Final Project Proposal
Prompt 10 (due Wednesday, April 15 by 10 pm) will ask you to describe your plans for your final project, including: 1) What artifacts you plan to analyze; 2) What form(s) you think your project might take; and 3) What your initial thoughts are about what your argument might be. You must respond to Prompt 10. I will not accept final projects from those who haven’t responded to Prompt 10.
Possible Artifact Combinations
You are free to analyze whichever artifacts you choose, as long as the following conditions are met:
- One artifact is print and one is digital.
- At least one artifact is something we have covered in class.
Here are some ideas for possible combinations of artifacts. Feel free to take these ideas and run with them:
- The Bug and any database or database-management system (phpMyAdmin comes to mind, or even the WordPress backend interface [Wordpress is also a kind of database management system])
- The Bug and Agrippa (each artifact deals with software “bugs” of some kind)
- “Dakota” by YHCHI and The Familiar (hyper vs deep attention)
- The Familiar and a social network like Facebook or Twitter (Parcel Thoughts, a fictional social network, in relation to nonfictional social networks)
- Pattern Recognition (specifically the F:F:F forum) and our Familiar Wordpress blog
- Pattern Recognition (specifically its emphasis on paranoia and conspiracy) and an online service like Facebook or Google (could use each artifact to discuss concerns with privacy, data mining, targeted advertising, cookies, etc.)
- Any of the works in the Electronic Literature Collection, Vol. 1 and/or Vol. 2, and any of the print novels we have read
- Blackboard as an online course management system and the Center for American Progress report on online education (not technically a print artifact, but a PDF is close enough)
Other Scholarly Sources
These sources go beyond what we’ve read in class, but they may be useful to you as you form your arguments:
- Langdon Winner, “Do Artifacts Have Politics?” from Daedalus 109.1 (1980) : 121–136 (Could be used to think about the power and privilege embedded in a piece of digital technology)
- Bonnie Mak, How the Page Matters (University of Toronto Press, 2012), “Introduction” (Useful for thinking about print books as media)
- The entire issue of Michigan Quarterly from Fall 2009 (lots on intersections between print and digital media)
- Garrett Stewart, “Bookwork as Demediation,” Critical Inquiry 36 (Spring 2010) (useful for his concept of “demediation” if you’re writing about The Familiar)
- More are on our course Blackboard site. Go to Course Readings > Additional Scholarly Sources for Final Project.
Final Project Checklist
Make sure your project meets all of these requirements before turning it in:
- Have you submitted your Final Project Proposal (response to Prompt 10, due Wednesday, April 15)?
- Does your final project have an argument?

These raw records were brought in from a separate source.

definition C_coh :: "nat set \<Rightarrow> nat set \<Rightarrow> (nat \<Rightarrow> nat) \<Rightarrow> vec set" where
  "C_coh X Y \<Phi> = {\<pi> \<in> Pi_all X Y. \<forall>x\<in>X. \<forall>y\<in>Y. \<pi> (x, y) = \<pi> (\<Phi> x, y)}"

definition vclosed :: "nat set \<Rightarrow> nat set \<Rightarrow> vec set \<Rightarrow> bool" where
  "vclosed X Y S \<longleftrightarrow> S \<subseteq> vsp X Y \<and>
     (\<forall>s v. (\<forall>n. s n \<in> S) \<and> v \<in> vsp X Y \<and> (\<lambda>n. vnorm X Y (vdiff (s n) v)) \<longlonglongrightarrow> 0
        \<longrightarrow> v \<in> S)"

definition vconvex :: "vec set \<Rightarrow> bool" where
  "vconvex S \<longleftrightarrow> (\<forall>u\<in>S. \<forall>v\<in>S. \<forall>t. 0 \<le> t \<and> t \<le> 1 \<longrightarrow> vcomb t u v \<in> S)"

definition vinterior :: "nat set \<Rightarrow> nat set \<Rightarrow> vec set \<Rightarrow> vec set" where
  "vinterior X Y S = {x \<in> S. \<exists>r>0. \<forall>y\<in>vsp X Y. vnorm X Y (vdiff y x) < r \<longrightarrow> y \<in> S}"

text \<open>Generators: extended-real valued functions on \<real>^(X\<times>Y)
  (values outside the subspace vsp X Y are irrelevant).\<close>

definition edom :: "nat set \<Rightarrow> nat set \<Rightarrow> (vec \<Rightarrow> ereal) \<Rightarrow> vec set" where
  "edom X Y F = {x \<in> vsp X Y. F x < \<infinity>}"

definition proper_fn :: "nat set \<Rightarrow> nat set \<Rightarrow> (vec \<Rightarrow> ereal) \<Rightarrow> bool" where
  "proper_fn X Y F \<longleftrightarrow> (\<forall>x\<in>vsp X Y. F x \<noteq> -\<infinity>) \<and> (\<exists>x\<in>vsp X Y. F x \<noteq> \<infinity>)"

definition closed_fn :: "nat set \<Rightarrow> nat set \<Rightarrow> (vec \<Rightarrow> ereal) \<Rightarrow> bool" where
  "closed_fn X Y F \<longleftrightarrow> (\<forall>s x. (\<forall>n. s n \<in> vsp X Y) \<and> x \<in> vsp X Y \<and>
      (\<lambda>n. vnorm X Y (vdiff (s n) x)) \<longlonglongrightarrow> 0 \<longrightarrow> F x \<le> liminf (\<lambda>n. F (s n)))"

definition convex_fn :: "nat set \<Rightarrow> nat set \<Rightarrow> (vec \<Rightarrow> ereal) \<Rightarrow> bool" where
  "convex_fn X Y F \<longleftrightarrow> (\<forall>x\<in>vsp X Y. \<forall>y\<in>vsp X Y. \<forall>t. 0 \<le> t \<and> t \<le> 1 \<longrightarrow>
      F (vcomb t x y) \<le> ereal t * F x + ereal (1 - t) * F y)"

definition has_grad :: "nat set \<Rightarrow> nat set \<Rightarrow> (vec \<Rightarrow> ereal) \<Rightarrow> vec \<Rightarrow> vec \<Rightarrow> bool" where
  "has_grad X Y F x g \<longleftrightarrow> g \<in> vsp X Y \<and> \<bar>F x\<bar> \<noteq> \<infinity> \<and>
     (\<forall>e>0. \<exists>d>0. \<forall>y\<in>vsp X Y. vnorm X Y (vdiff y x) < d \<longrightarrow>
        \<bar>F y - F x - ereal (ip X Y g (vdiff y x))\<bar> \<le> ereal (e * vnorm X Y (vdiff y x)))"

definition grad :: "nat set \<Rightarrow> nat set \<Rightarrow> (vec \<Rightarrow> ereal) \<Rightarrow> vec \<Rightarrow> vec" where
  "grad X Y F x = (THE g. has_grad X Y F x g)"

Do you move beyond describing your artifacts, or describing how they are the same or different, and make an argument about their meaning?
- Does your final project contain the equivalent of 6-8 pages of text (not including images; double-spaced, 1″ margins, 12 point font; roughly 2000-3000 words)?
- Does it incorporate at least 3 scholarly sources? Do you cite those sources appropriately?
- Is your final project multimodal? Does it incorporate more than one mode of communication?
- Have you written your scholar’s statement and posted it to our course blog (categorized under “Final Project”)?